The Indonesian arm of French supermarket company Carrefour has filed an appeal with the Supreme Court challenging a ruling by a lower court and the Business Competition Supervisory Commission (KPPU)  declaring it guilty of unfair business practices, according to the Jakarta Post.


KPPU declared on 19 August that Carrefour had carried out an unfair business practice by applying a “minus margin” policy in its contracts with suppliers, the paper reported. The commission imposed an IDR 1.5bn (US$148,515) fine on the company and demanded it stop.


Carrefour filed an appeal to the ruling at the South Jakarta District Court on 13 September. The court rejected the appeal and upheld KPPU’s ruling.

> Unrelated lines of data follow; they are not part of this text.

definition StabN :: "(cantor \<Rightarrow> cantor) set" where
  "StabN = {\<phi>. homeomorphic_map cantor_top cantor_top \<phi> \<and>
                (\<lambda>v. \<phi> \<circ> v \<circ> inv \<phi>) ` thompsonV = thompsonV \<and> \<phi> ` Q2 = Q2}"

definition gamma :: "(cantor \<Rightarrow> cantor) \<Rightarrow> cantor \<Rightarrow> real" where
  "gamma \<phi> y = (let u = (SOME u. u \<in> thompsonV \<and> u zero_seq = y) in
     log 2 (slope (inv \<phi> \<circ> u \<circ> \<phi>) (inv \<phi> zero_seq)) - log 2 (slope u zero_seq))"

end

theory Submission
  imports Defs
begin

text \<open>
  Write c(v, x) = log2 (\<phi>^-1 v \<phi>)'(\<phi>^-1 x) - log2 v'(x).  By the chain rule for slopes it is a
  cocycle, c(g h, x) = c(g, h x) + c(h, x), so everything reduces to c(g, x) = 0 for g fixing
  x \<in> Q2: then (1) follows from v = w (w^-1 v), and (2)-(4) are formal consequences together
  with the transitivity of V on Q2.

  Near a fixed point an element of V is determined by its slope, and the homeomorphism \<phi>
  carries equal germs to equal germs.  Hence on the stabiliser of x the log-slope of the
  conjugate is \<lambda> times that of g, where \<lambda> is a unit of the integers since \<phi>^-1 induces the
  inverse map.  The case \<lambda> = -1 is ruled out dynamically: it would turn the repelling fixed
  point of an element of slope 2 into an attracting one.
\<close>

section \<open>Cylinders\<close>

definition take_seq :: "nat \<Rightarrow> cantor \<Rightarrow> bool list" where
  "take_seq L x = map x [0..<L]"

definition drop_seq :: "nat \<Rightarrow> cantor \<Rightarrow> cantor" where
  "drop_seq L x = (\<lambda>n. x (n + L))"

lemma length_take_seq [simp]: "length (take_seq L x) = L"
  by (simp add: take_seq_def)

Carrefour rejected the ruling from KPPU and the South Jakarta District Court, saying both had misinterpreted the terms of trade as an unfair business practice and had imposed a groundless sanction.


“We object to the ruling and therefore we are appealing to the Supreme Court,” director of corporate affairs Irawan Kadarman said in a statement.


A minus margin is a penalty Carrefour imposes on a supplier that sells its products at a lower price to a competitor of Carrefour. Carrefour has inserted the minus margin policy in its trading terms since early 2004 and said that it was a negotiable term.


The legal saga involving the company began when the Association of Modern Market Suppliers (AP3MI) filed a complaint with the KPPU citing unfair competition late last year.